Menu Close

Month: March 2007

Considering Historians, Archivists and Born Digital Records

I think I renamed this post at least 12 times. My original intention was was to consider the impact of born digital records on the skills needed for the historian/researchers of the future. In addition I found myself exploring the dividing lines among a number of possible roles in ensuring access to the information written in the 1s and 0s of our born digital records.

After my last post about the impact of anonymization of Google Logs, a friend directed me to the work of Dr. Latanya Sweeney. Reading through the information about her research I found Trail Re-identification: Learning Who You are From Where You Have Been. Given enough data to work with, algorithms can be written that often can re-identify the individuals who performed the original searches. Carnegie Mellon University‘s Data Privacy Lab includes the Trails Learning Project with the goal of answering the question “How can people be identified to the trail of seemingly innocent and anonymous data they leave behind at different locations?”. So it seems that there may be a lot of born digital records that start out anonymous but that may permit ‘re-identification’ – given the application of the right tools or techniques. That is fine – historians have often needed to become detectives. They have spent years developing techniques for the analysis of paper documents to support ‘re-identification’. Who wrote this letter? Is this document real or a forgery? Who is the ‘Mildred’ referenced in this record?

The field of diplomatics studies the authenticity and provenance of documents by looking at everything from the paper they were written on to the style of writing to the ink used. I like the idea of using the term ‘digital diplomatics’ for the ever increasing process of verifying and validating born digital records. Google found me the Digital Diplomatics conference that took place earlier this year in Munich. Unfortunately it was more geared toward investigating how the use of computers can enhance traditional diplomatic approaches rather than how to authenticate the provenance of born digital records.
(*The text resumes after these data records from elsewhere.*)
(* Consider an instance of the bicriteria asymmetric traveling salesman problem (bi-ATSP) with tour set $\mathcal{C}$, vector criterion $D=(D_1,D_2)$, outcome set $\mathcal{D}=D(\mathcal{C})$, and $\mathcal{D}_i=D_i(\mathcal{C})$ for $i=1,2$. Suppose that $$P(\mathcal{D}) = \bigcup_{i=1}^p \{ (y_1, y_2): y_2 = a_i - k y_1,\ y_1 \in \mathcal{D}_1,\ y_2 \in \mathcal{D}_2 \},$$ where $a_1,\dots,a_p>0$ and $k>0$ are constants. If criterion $D_1$ is more important than criterion $D_2$ with coefficient of relative importance $\theta'$ and $\theta' \geqslant k/(k+1)$ (and $\hat P(\mathcal{D})$ is the reduced Pareto set with $i=1$, $j=2$, $\theta=\theta'$), or criterion $D_2$ is more important than criterion $D_1$ with coefficient of relative importance $\theta''$ and $\theta'' \geqslant 1/(k+1)$ (and $\hat P(\mathcal{D})$ is the reduced Pareto set with $i=2$, $j=1$, $\theta=\theta''$), then $|\hat{P}(\mathcal{D})| \leqslant p$.
   Context: Bi-ATSP: given a complete directed graph $G=(V,E)$ on $n$ vertices, each arc $e\in E$ carries a weight vector $d(e)=(d_1(e),d_2(e))$ of positive numbers. $\mathcal{C}$ is the set of all $(n-1)!$ Hamiltonian circuits (tours) of $G$, and for a tour $C$, $D(C)=(D_1(C),D_2(C))$ with $D_j(C)=\sum_{e\in C} d_j(e)$. For vectors $y^*,y$, write $y^*\leq y$ if $y^*\neq y$ and $y^*_s\leqslant y_s$ for every coordinate $s$ (Pareto relation). For a vector criterion $F$ on $\mathcal{C}$, the set of pareto-optimal tours is $P_F(\mathcal{C})=\{C\in\mathcal{C}: \nexists C^*\in\mathcal{C},\ F(C^* )\leq F(C)\}$. The Pareto set is $P(\mathcal{D})=\{y\in\mathcal{D}: \nexists y^*\in\mathcal{D},\ y^*\leq y\}$. Reduced Pareto set: if criterion $D_i$ is declared more important than criterion $D_j$ ($\{i,j\}=\{1,2\}$) with coefficient of relative importance $\theta\in(0,1)$, define the new criterion $\hat D$ by $\hat D_j=\theta D_i+(1-\theta)D_j$ and $\hat D_i=D_i$, and set $\hat{P}(\mathcal{D})=D(P_{\hat D}(\mathcal{C}))$ (a subset of $P(\mathcal{D})$). *)

theory Defs
  imports Complex_Main
begin

definition circuit_arcs :: "'v list \<Rightarrow> ('v \<times> 'v) set" where
  "circuit_arcs vs = {(vs ! i, vs ! ((i + 1) mod length vs)) | i. i < length vs}"

text \<open>All Hamiltonian circuits (tours) of the complete digraph on vertex set V, as arc sets.\<close>
definition tours :: "'v set \<Rightarrow> ('v \<times> 'v) set set" where
  "tours V = {circuit_arcs vs | vs. distinct vs \<and> set vs = V}"

definition tour_weight :: "('v \<times> 'v \<Rightarrow> real) \<Rightarrow> ('v \<times> 'v) set \<Rightarrow> real" where
  "tour_weight w C = (\<Sum>e\<in>C. w e)"

definition pareto_less :: "real \<times> real \<Rightarrow> real \<times> real \<Rightarrow> bool" where
  "pareto_less y' y \<longleftrightarrow> y' \<noteq> y \<and> fst y' \<le> fst y \<and> snd y' \<le> snd y"

definition pareto_set :: "(real \<times> real) set \<Rightarrow> (real \<times> real) set" where
  "pareto_set Y = {y \<in> Y. \<not> (\<exists>y'\<in>Y. pareto_less y' y)}"

definition pareto_opt :: "('c \<Rightarrow> real \<times> real) \<Rightarrow> 'c set \<Rightarrow> 'c set" where
  "pareto_opt F Cs = {C \<in> Cs. \<not> (\<exists>C'\<in>Cs. pareto_less (F C') (F C))}"

text \<open>Reduced Pareto set when criterion 1 is more important than criterion 2 (coefficient \<theta>).\<close>
definition reduced_pareto_1 ::
  "('c \<Rightarrow> real) \<Rightarrow> ('c \<Rightarrow> real) \<Rightarrow> real \<Rightarrow> 'c set \<Rightarrow> (real \<times> real) set" where
  "reduced_pareto_1 D1 D2 \<theta> Cs =
     (\<lambda>C. (D1 C, D2 C)) ` pareto_opt (\<lambda>C. (D1 C, \<theta> * D1 C + (1 - \<theta>) * D2 C)) Cs"

text \<open>Reduced Pareto set when criterion 2 is more important than criterion 1 (coefficient \<theta>).\<close>
definition reduced_pareto_2 ::
  "('c \<Rightarrow> real) \<Rightarrow> ('c \<Rightarrow> real) \<Rightarrow> real \<Rightarrow> 'c set \<Rightarrow> (real \<times> real) set" where
  "reduced_pareto_2 D1 D2 \<theta> Cs =
     (\<lambda>C. (D1 C, D2 C)) ` pareto_opt (\<lambda>C. (\<theta> * D2 C + (1 - \<theta>) * D1 C, D2 C)) Cs"

end

theory Submission
  imports Defs
begin

text \<open>The reduced Pareto set lies inside the Pareto set, which is covered by the p lines
  \<open>y\<^sub>2 = a\<^sub>i - k y\<^sub>1\<close>. Along such a line the reweighted criterion is monotone once
  \<open>\<theta> \<ge> k/(k+1)\<close> (resp. \<open>\<theta> \<ge> 1/(k+1)\<close>): it only improves as \<open>y\<^sub>1\<close> decreases
  (resp. increases). Hence of two distinct points on one line, one dominates the other
  for the reweighted criterion, and the reduced Pareto set meets each line at most once.\<close>

definition fst_priority :: "real \<Rightarrow> real \<times> real \<Rightarrow> real \<times> real" where
  "fst_priority \<theta> y = (fst y, \<theta> * fst y + (1 - \<theta>) * snd y)"

definition snd_priority :: "real \<Rightarrow> real \<times> real \<Rightarrow> real \<times> real" where
  "snd_priority \<theta> y = (\<theta> * snd y + (1 - \<theta>) * fst y, snd y)"

definition pareto_set_wrt ::
  "(real \<times> real \<Rightarrow> real \<times> real) \<Rightarrow> (real \<times> real) set \<Rightarrow> (real \<times> real) set" where
  "pareto_set_wrt T Y = {y \<in> Y. \<not> (\<exists>y'\<in>Y. pareto_less (T y') (T y))}"

definition line :: "real \<Rightarrow> real \<Rightarrow> (real \<times> real) set" where
  "line a k = {y. snd y = a - k * fst y}"

lemma image_pareto_opt_comp:
  "(\<lambda>C. (f C, g C)) ` pareto_opt (\<lambda>C. T (f C, g C)) Cs
     = pareto_set_wrt T ((\<lambda>C. (f C, g C)) ` Cs)"
  unfolding pareto_opt_def pareto_set_wrt_def by auto

lemma reduced_pareto_1_eq:
  "reduced_pareto_1 f g \<theta> Cs = pareto_set_wrt (fst_priority \<theta>) ((\<lambda>C. (f C, g C)) ` Cs)"
  using image_pareto_opt_comp[of f g "fst_priority \<theta>" Cs]
  by (simp add: reduced_pareto_1_def fst_priority_def)

lemma reduced_pareto_2_eq:
  "reduced_pareto_2 f g \<theta> Cs = pareto_set_wrt (snd_priority \<theta>) ((\<lambda>C. (f C, g C)) ` Cs)"
  using image_pareto_opt_comp[of f g "snd_priority \<theta>" Cs]
  by (simp add: reduced_pareto_2_def snd_priority_def)

lemma pareto_set_wrt_subset_pareto_set:
  assumes "\<And>y y'. pareto_less y' y \<Longrightarrow> pareto_less (T y') (T y)"
  shows "pareto_set_wrt T Y \<subseteq> pareto_set Y"
  using assms unfolding pareto_set_wrt_def pareto_set_def by blast

lemma pareto_less_fst_priority:
  assumes "0 \<le> \<theta>" "\<theta> < 1" "pareto_less y' y"
  shows "pareto_less (fst_priority \<theta> y') (fst_priority \<theta> y)"
proof -
  have "\<theta> * fst y' + (1 - \<theta>) * snd y' \<le> \<theta> * fst y + (1 - \<theta>) * snd y"
    using assms by (intro add_mono mult_left_mono) (auto simp: pareto_less_def)
  moreover have "fst_priority \<theta> y' \<noteq> fst_priority \<theta> y"
    using assms by (auto simp: pareto_less_def fst_priority_def prod_eq_iff)
  ultimately show ?thesis
    using assms by (simp add: pareto_less_def fst_priority_def)
qed

lemma pareto_less_snd_priority:
  assumes "0 \<le> \<theta>" "\<theta> < 1" "pareto_less y' y"
  shows "pareto_less (snd_priority \<theta> y') (snd_priority \<theta> y)"
proof -
  have "\<theta> * snd y' + (1 - \<theta>) * fst y' \<le> \<theta> * snd y + (1 - \<theta>) * fst y"
    using assms by (intro add_mono mult_left_mono) (auto simp: pareto_less_def)
  moreover have "snd_priority \<theta> y' \<noteq> snd_priority \<theta> y"
    using assms by (auto simp: pareto_less_def snd_priority_def prod_eq_iff)
  ultimately show ?thesis
    using assms by (simp add: pareto_less_def snd_priority_def)
qed

lemma fst_neq_if_on_line:
  assumes "y \<in> line a k" "y' \<in> line a k" "y \<noteq> y'"
  shows "fst y \<noteq> fst y'"
  using assms by (auto simp: line_def prod_eq_iff)

lemma fst_priority_comparable_on_line:
  assumes "k \<ge> 0" "k / (k + 1) \<le> \<theta>"
    and "y \<in> line a k" "y' \<in> line a k" "y \<noteq> y'"
  shows "pareto_less (fst_priority \<theta> y) (fst_priority \<theta> y')
       \<or> pareto_less (fst_priority \<theta> y') (fst_priority \<theta> y)"
proof -
  have slope: "\<theta> - (1 - \<theta>) * k \<ge> 0"
    using assms(1,2) by (simp add: field_simps)
  have along: "fst_priority \<theta> u = (fst u, (1 - \<theta>) * a + (\<theta> - (1 - \<theta>) * k) * fst u)"
    if "u \<in> line a k" for u
  proof -
    have on_line: "snd u = a - k * fst u" using that by (simp add: line_def)
    show ?thesis unfolding fst_priority_def on_line by (simp add: algebra_simps)
  qed
  have improves: "pareto_less (fst_priority \<theta> u) (fst_priority \<theta> v)"
    if "u \<in> line a k" "v \<in> line a k" "fst u < fst v" for u v
    using that slope by (auto simp: along pareto_less_def intro: mult_left_mono)
  consider "fst y < fst y'" | "fst y' < fst y"
    using fst_neq_if_on_line[OF assms(3-5)] by linarith
  then show ?thesis
    using improves assms(3,4) by cases blast+
qed

lemma snd_priority_comparable_on_line:
  assumes "k > 0" "1 / (k + 1) \<le> \<theta>"
    and "y \<in> line a k" "y' \<in> line a k" "y \<noteq> y'"
  shows "pareto_less (snd_priority \<theta> y) (snd_priority \<theta> y')
       \<or> pareto_less (snd_priority \<theta> y') (snd_priority \<theta> y)"
proof -
  have slope: "\<theta> * k - (1 - \<theta>) \<ge> 0"
    using assms(1,2) by (simp add: field_simps)
  have along: "snd_priority \<theta> u = (\<theta> * a - (\<theta> * k - (1 - \<theta>)) * fst u, a - k * fst u)"
    if "u \<in> line a k" for u
  proof -
    have on_line: "snd u = a - k * fst u" using that by (simp add: line_def)
    show ?thesis unfolding snd_priority_def on_line by (simp add: algebra_simps)
  qed
  have improves: "pareto_less (snd_priority \<theta> u) (snd_priority \<theta> v)"
    if "u \<in> line a k" "v \<in> line a k" "fst v < fst u" for u v
    using that slope assms(1) by (auto simp: along pareto_less_def intro: mult_left_mono)
  consider "fst y < fst y'" | "fst y' < fst y"
    using fst_neq_if_on_line[OF assms(3-5)] by linarith
  then show ?thesis
    using improves assms(3,4) by cases blast+
qed

lemma card_pareto_set_wrt_le:
  assumes "finite I"
    and cover: "pareto_set Y \<subseteq> (\<Union>i\<in>I. L i)"
    and mono: "\<And>y y'. pareto_less y' y \<Longrightarrow> pareto_less (T y') (T y)"
    and comparable: "\<And>i y y'. i \<in> I \<Longrightarrow> y \<in> L i \<Longrightarrow> y' \<in> L i \<Longrightarrow> y \<noteq> y'
                       \<Longrightarrow> pareto_less (T y) (T y') \<or> pareto_less (T y') (T y)"
  shows "card (pareto_set_wrt T Y) \<le> card I"
proof -
  let ?R = "pareto_set_wrt T Y"
  have "?R \<subseteq> (\<Union>i\<in>I. L i)"
    using pareto_set_wrt_subset_pareto_set[OF mono] cover by (rule subset_trans)
  then have "?R = (\<Union>i\<in>I. ?R \<inter> L i)"
    by blast
  then have "card ?R = card (\<Union>i\<in>I. ?R \<inter> L i)"
    by (rule arg_cong)
  also have "\<dots> \<le> (\<Sum>i\<in>I. card (?R \<inter> L i))"
    using assms(1) by (rule card_UN_le)
  also have "\<dots> \<le> of_nat (card I) * 1"
  proof (rule sum_bounded_above)
    fix i assume i: "i \<in> I"
    have "y = y'" if "y \<in> ?R \<inter> L i" "y' \<in> ?R \<inter> L i" for y y'
    proof (rule ccontr)
      assume "y \<noteq> y'"
      with comparable[OF i] that
      have "pareto_less (T y) (T y') \<or> pareto_less (T y') (T y)" by blast
      with that show False by (auto simp: pareto_set_wrt_def)
    qed
    then show "card (?R \<inter> L i) \<le> 1"
      by (metis One_nat_def card.infinite card_le_Suc0_iff_eq zero_le)
  qed
  finally show ?thesis by simp
qed

lemma card_pareto_set_wrt_fst_priority_le:
  assumes "finite I" "pareto_set Y \<subseteq> (\<Union>i\<in>I. line (a i) k)"
    and "k \<ge> 0" "0 \<le> \<theta>" "\<theta> < 1" "k / (k + 1) \<le> \<theta>"
  shows "card (pareto_set_wrt (fst_priority \<theta>) Y) \<le> card I"
proof (rule card_pareto_set_wrt_le[OF assms(1,2)])
  show "pareto_less (fst_priority \<theta> y') (fst_priority \<theta> y)" if "pareto_less y' y" for y y'
    using assms(4,5) that by (rule pareto_less_fst_priority)
  show "pareto_less (fst_priority \<theta> y) (fst_priority \<theta> y')
      \<or> pareto_less (fst_priority \<theta> y') (fst_priority \<theta> y)"
    if "y \<in> line (a i) k" "y' \<in> line (a i) k" "y \<noteq> y'" for i y y'
    using assms(3,6) that by (rule fst_priority_comparable_on_line)
qed

lemma card_pareto_set_wrt_snd_priority_le:
  assumes "finite I" "pareto_set Y \<subseteq> (\<Union>i\<in>I. line (a i) k)"
    and "k > 0" "0 \<le> \<theta>" "\<theta> < 1" "1 / (k + 1) \<le> \<theta>"
  shows "card (pareto_set_wrt (snd_priority \<theta>) Y) \<le> card I"
proof (rule card_pareto_set_wrt_le[OF assms(1,2)])
  show "pareto_less (snd_priority \<theta> y') (snd_priority \<theta> y)" if "pareto_less y' y" for y y'
    using assms(4,5) that by (rule pareto_less_snd_priority)
  show "pareto_less (snd_priority \<theta> y) (snd_priority \<theta> y')
      \<or> pareto_less (snd_priority \<theta> y') (snd_priority \<theta> y)"
    if "y \<in> line (a i) k" "y' \<in> line (a i) k" "y \<noteq> y'" for i y y'
    using assms(3,6) that by (rule snd_priority_comparable_on_line)
qed

theorem corollary1:
  fixes V :: "'v set" and d1 d2 :: "'v \<times> 'v \<Rightarrow> real"
    and p :: nat and a :: "nat \<Rightarrow> real" and k \<theta>' \<theta>'' :: real
  assumes "finite V" and "card V \<ge> 2"
    and "\<And>x y. x \<in> V \<Longrightarrow> y \<in> V \<Longrightarrow> x \<noteq> y \<Longrightarrow> d1 (x, y) > 0"
    and "\<And>x y. x \<in> V \<Longrightarrow> y \<in> V \<Longrightarrow> x \<noteq> y \<Longrightarrow> d2 (x, y) > 0"
    and "\<And>i. i \<in> {1..p} \<Longrightarrow> a i > 0" and "k > 0"
    and "pareto_set ((\<lambda>C. (tour_weight d1 C, tour_weight d2 C)) ` tours V) =
           (\<Union>i\<in>{1..p}. {(y1, y2). y2 = a i - k * y1
                                 \<and> y1 \<in> tour_weight d1 ` tours V
                                 \<and> y2 \<in> tour_weight d2 ` tours V})"
  shows "(0 < \<theta>' \<and> \<theta>' < 1 \<and> \<theta>' \<ge> k / (k + 1) \<longrightarrow>
            card (reduced_pareto_1 (tour_weight d1) (tour_weight d2) \<theta>' (tours V)) \<le> p)
       \<and> (0 < \<theta>'' \<and> \<theta>'' < 1 \<and> \<theta>'' \<ge> 1 / (k + 1) \<longrightarrow>
            card (reduced_pareto_2 (tour_weight d1) (tour_weight d2) \<theta>'' (tours V)) \<le> p)"
proof (intro conjI impI)
  \<comment> \<open>Only the line description of the Pareto set and \<open>k > 0\<close> are needed.\<close>
  let ?Y = "(\<lambda>C. (tour_weight d1 C, tour_weight d2 C)) ` tours V"
  have cover: "pareto_set ?Y \<subseteq> (\<Union>i\<in>{1..p}. line (a i) k)"
    using assms(7) by (auto simp: line_def)
  show "card (reduced_pareto_1 (tour_weight d1) (tour_weight d2) \<theta>' (tours V)) \<le> p"
    if "0 < \<theta>' \<and> \<theta>' < 1 \<and> \<theta>' \<ge> k / (k + 1)"
    using card_pareto_set_wrt_fst_priority_le[OF _ cover, of \<theta>'] that \<open>k > 0\<close>
    by (simp add: reduced_pareto_1_eq)
  show "card (reduced_pareto_2 (tour_weight d1) (tour_weight d2) \<theta>'' (tours V)) \<le> p"
    if "0 < \<theta>'' \<and> \<theta>'' < 1 \<and> \<theta>'' \<ge> 1 / (k + 1)"
    using card_pareto_set_wrt_snd_priority_le[OF _ cover, of \<theta>''] that \<open>k > 0\<close>
    by (simp add: reduced_pareto_2_eq)
qed

end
In the March 2007 issue of Scientific American I found the article A Digital Life. It talks primarily about the Microsoft Research project MyLifeBits. A team at Microsoft Research has spent the last six years creating what they call a ‘digital personal archive’ of team member Gordon Bell. This archive hopes to “record all of Bell’s communications with other people and machines, as well as the images he sees, the sounds he hears and the Web sites he visits–storing everything in a personal digital archive that is both searchable and secure.”

They are not blind to the long term challenges of preserving the data itself in some accessible format:

Digital archivists will have to constantly convert their files to the latest formats, and in some cases they may need to run emulators of older machines to retrieve the data. A small industry will probably emerge just to keep people from losing information because of format evolution.

The article concludes:

Digital memories will yield benefits in a wide spectrum of areas, providing treasure troves of information about how people think and feel. By constantly monitoring the health of their patients, future doctors may develop better treatments for heart disease, cancer and other illnesses. Scientists will be able to get a glimpse into the thought processes of their predecessors, and future historians will be able to examine the past in unprecedented detail. The opportunities are restricted only by our ability to imagine them.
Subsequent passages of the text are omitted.